The active player can also score or lose points by seating customers at the bar, where a positive or negative score is printed on each chair. Early in the game, players will seat customers on the five seats with positive scores. Later in the game, players will be forced to seat customers on the fifteen seats with negative scores.

At the end of the game, each player must deduct five points from their score for each tile left in their hand.

===Ending the game===
The game ends immediately when any one of four situations occurs:
1. The 20 seats at the bar are filled.
2. Every chair around the tables is occupied.
3. There are only four tiles left in the bag.
4. One player has no tiles left (having formed 5 single nationality tables).

===Victory conditions===
The player who has accumulated the most points is the winner.

==Reception==
In the September–October 1989 edition of Games International (Issue 9), Brian Walker called this game designer Rudi Hoffman's "weakest offering", and derided the jury of Spiel des Jahres for giving this game the prestigious "Game of the Year" award. He gave the game a below-average rating of 2 out of 5, saying, "it quickly becomes apparent that winning is heavily dependent on the luck of the draw."

The Austrian website Spieletest called this "an easy to understand placement game. The nice presentation in comic design and the simple gameplay make this top-class game.

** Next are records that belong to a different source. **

lemma push_restrict_glue:
  fixes s :: "'p \<Rightarrow> 'c" and a :: 'v
  assumes A: "finite A"
    and sC: "\<And>i p. i \<in> A \<Longrightarrow> p \<in> Z i \<Longrightarrow> s p \<in> C i"
    and sn: "\<And>p. s p \<noteq> n"
    and overlap: "\<And>i j. i \<in> A \<Longrightarrow> j \<in> A \<Longrightarrow> i \<noteq> j \<Longrightarrow> C i \<inter> C j \<subseteq> {n}"
    and T_finite: "\<And>i. i \<in> A \<Longrightarrow> finite {g. T i g \<noteq> 0}"
    and T: "\<And>i g. i \<in> A \<Longrightarrow> T i g \<noteq> 0 \<Longrightarrow> g \<in> extensional (C i) \<and> (n \<in> C i \<longrightarrow> g n = a)"
  shows "push (\<lambda>g. restrict (\<lambda>p. g (s p)) (\<Union>i\<in>A. Z i)) (glue ({n} \<union> (\<Union>i\<in>A. C i)) (\<lambda>g. g n = a) A C T)
       = glue (\<Union>i\<in>A. Z i) (\<lambda>_. True) A Z (\<lambda>i. push (\<lambda>g. restrict (\<lambda>p. g (s p)) (Z i)) (T i))"
    (is "push ?res _ = glue _ _ _ _ (\<lambda>i. push (?k i) (T i))")
proof -
  let ?amalgam_C = "amalgam {n} a A C" and ?amalgam_Z = "amalgam {} undefined A Z"
  let ?split = "\<lambda>\<phi>. restrict (\<lambda>i. ?k i (\<phi> i)) A"
  have Z_disjoint: "Z i \<inter> Z j \<subseteq> {}" if "i \<in> A" "j \<in> A" "i \<noteq> j" for i j
    using overlap[OF that] sC that sn by blast
  have glue_C: "glue ({n} \<union> (\<Union>i\<in>A. C i)) (\<lambda>g. g n = a) A C T = push ?amalgam_C (tensor A T)"
    by (rule glue_eq_push_tensor) (use overlap T A in auto)
  have glue_Z: "glue (\<Union>i\<in>A. Z i) (\<lambda>_. True) A Z (\<lambda>i. push (?k i) (T i))
      = push ?amalgam_Z (tensor A (\<lambda>i. push (?k i) (T i)))"
    using glue_eq_push_tensor[of A Z "{}" "\<lambda>_. True" undefined "\<lambda>i. push (?k i) (T i)"]
      Z_disjoint A by (auto elim!: push_nonzero_imp)
  have amalgam_commute: "?res \<circ> ?amalgam_C = ?amalgam_Z \<circ> ?split"
  proof (intro ext)
    fix \<phi> p
    show "(?res \<circ> ?amalgam_C) \<phi> p = (?amalgam_Z \<circ> ?split) \<phi> p"
    proof (cases "\<exists>i\<in>A. p \<in> Z i")
      case True
      then obtain i where i: "i \<in> A" "p \<in> Z i" by blast
      have "?amalgam_C \<phi> (s p) = \<phi> i (s p)"
        by (rule amalgam_apply) (use overlap i sC sn in auto)
      moreover have "?amalgam_Z (?split \<phi>) p = ?split \<phi> i p"
        by (rule amalgam_apply) (use Z_disjoint i in auto)
      ultimately show ?thesis using i by auto
    qed (auto simp: amalgam_outside)
  qed
  have tensor_finite: "finite {\<phi>. tensor A T \<phi> \<noteq> 0}"
    using A T_finite by (rule finite_tensor_support)
  have "push ?res (push ?amalgam_C (tensor A T)) = push ?amalgam_Z (push ?split (tensor A T))"
    using amalgam_commute by (simp add: push_push tensor_finite)
  also have "push ?split (tensor A T) = tensor A (\<lambda>i. push (?k i) (T i))"
    using A T_finite by (rule push_tensor)
  finally show ?thesis unfolding glue_C glue_Z .
qed

lemma istopology_quot_top:
  "istopology (\<lambda>U. U \<subseteq> q ` topspace T \<and> openin T {x \<in> topspace T. q x \<in> U})"
  unfolding istopology_def
proof (rule conjI; intro allI impI)
  fix S U
  assume "S \<subseteq> q ` topspace T \<and> openin T {x \<in> topspace T. q x \<in> S}"
    and "U \<subseteq> q ` topspace T \<and> openin T {x \<in> topspace T. q x \<in> U}"
  moreover have "{x \<in> topspace T. q x \<in> S \<inter> U} = {x \<in> topspace T. q x \<in> S} \<inter> {x \<in> topspace T. q x \<in> U}"
    by auto
  ultimately show "S \<inter> U \<subseteq> q ` topspace T \<and> openin T {x \<in> topspace T. q x \<in> S \<inter> U}"
    by auto
next
  fix K
  assume "\<forall>U\<in>K. U \<subseteq> q ` topspace T \<and> openin T {x \<in> topspace T. q x \<in> U}"
  moreover have "{x \<in> topspace T. q x \<in> \<Union>K} = (\<Union>U\<in>K. {x \<in> topspace T. q x \<in> U})"
    by auto
  ultimately show "\<Union>K \<subseteq> q ` topspace T \<and> openin T {x \<in> topspace T. q x \<in> \<Union>K}"
    by auto
qed

lemma openin_quot_top:
  "openin (quot_top T q) U \<longleftrightarrow> U \<subseteq> q ` topspace T \<and> openin T {x \<in> topspace T. q x \<in> U}"
  unfolding quot_top_def topology_inverse'[OF istopology_quot_top] ..

lemma topspace_quot_top: "topspace (quot_top T q) = q ` topspace T"
proof -
  have "{x \<in> topspace T. q x \<in> q ` topspace T} = topspace T"
    by auto
  then have "openin (quot_top T q) (q ` topspace T)"
    unfolding openin_quot_top by simp
  then show ?thesis
    unfolding topspace_def openin_quot_top by blast
qed

lemma quotient_map_quot_top: "quotient_map T (quot_top T q) q"
  unfolding quotient_map_def topspace_quot_top openin_quot_top by auto

lemma fsimplex_disjoint:
  assumes "F \<inter> F' = {}"
  shows "fsimplex F \<inter> fsimplex F' = {}"
proof -
  have "sum x F = 0" if "x \<in> fsimplex F'" for x
    using that assms by (auto simp: fsimplex_def intro!: sum.neutral)
  then show ?thesis by (auto simp: fsimplex_def)
qed

lemma fsimplex_mono:
  assumes "finite E" "F \<subseteq> E"
  shows "fsimplex F \<subseteq> fsimplex E"
proof
  fix x assume x: "x \<in> fsimplex F"
  have "sum x F = sum x E"
    by (rule sum.mono_neutral_left) (use assms x in \<open>auto simp: fsimplex_def\<close>)
  then show "x \<in> fsimplex E" using x assms unfolding fsimplex_def by auto
qed

lemma cone_pt_base: "cone_pt (p, 1) = Some (p, 1)"
  unfolding cone_pt_def by simp

lemma base_in_cone_set: "p \<in> S \<Longrightarrow> Some (p, 1) \<in> cone_set S"
  unfolding cone_set_def by (metis cone_pt_base atLeastAtMost_iff image_eqI mem_Sigma_iff order_refl zero_le_one)

lemma cone_set_Int: "S \<inter> S' = {} \<Longrightarrow> cone_set S \<inter> cone_set S' \<subseteq> {None}"
  unfolding cone_set_def cone_pt_def by (fastforce split: if_splits)

definition cone_base :: "(nat \<Rightarrow> real) set \<Rightarrow> (((nat \<Rightarrow> real) \<times> real) option \<Rightarrow> 'v) \<Rightarrow> (nat \<Rightarrow> real) \<Rightarrow> 'v" where
  "cone_base P g = restrict (\<lambda>p. g (Some (p, 1))) P"

lemma restrict_cone_base:
  assumes "P \<subseteq> Q" and "\<And>p. p \<in> P \<Longrightarrow> Some (p, 1) \<in> K"
  shows "(\<lambda>f. restrict f P) \<circ> cone_base Q = cone_base P \<circ> (\<lambda>g. restrict g K)"
  using assms by (auto simp: cone_base_def fun_eq_iff)

lemma cone_base_in_unbased_maps:
  assumes "continuous_map (cone_top E) M g"
  shows "cone_base (fsimplex E) g \<in> unbased_maps (simplex_top E) M"
proof -
  have base: "continuous_map (simplex_top E) (prod_topology (simplex_top E) (top_of_set {0..1::real})) (\<lambda>p. (p, 1))"
    unfolding continuous_map_pairwise o_def by auto
  have "continuous_map (simplex_top E) M (g \<circ> cone_pt \<circ> (\<lambda>p. (p, 1)))"
    using assms quotient_imp_continuous_map[OF quotient_map_quot_top] base
    unfolding cone_top_def by (metis continuous_map_compose o_assoc)
  then have "continuous_map (simplex_top E) M (cone_base (fsimplex E) g)"
    by (rule continuous_map_eq) (simp add: simplex_top_def cone_base_def cone_pt_base)
  then show ?thesis
    by (simp add: unbased_maps_def simplex_top_def cone_base_def)
qed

This game deserves the Spiel des Jahres 1989 award."

The German website SofaHelden liked the game, saying, "It contains luck components as well as strategic and tactical parts and is fascinating because of the different process each time, in which you have no idea until the end who will leave the table as the winner. [...] As is so often the case, the more players, the more interesting and unpredictable the process will be."

The Dutch website SpellenMolen comments, "The game seems so simple, but there is a lot more strategy in it than you would suspect! Because you can openly see which guests your fellow players have, you can take this into account. By playing one card, or not playing it, you can really bother your opponents." The website concludes by giving this game an above-average score of 8 out of 10, saying, " A strategic classic that deserves all your attention!"

==Awards==
Café International was awarded the 1989 Spiel des Jahres (Game of the Year).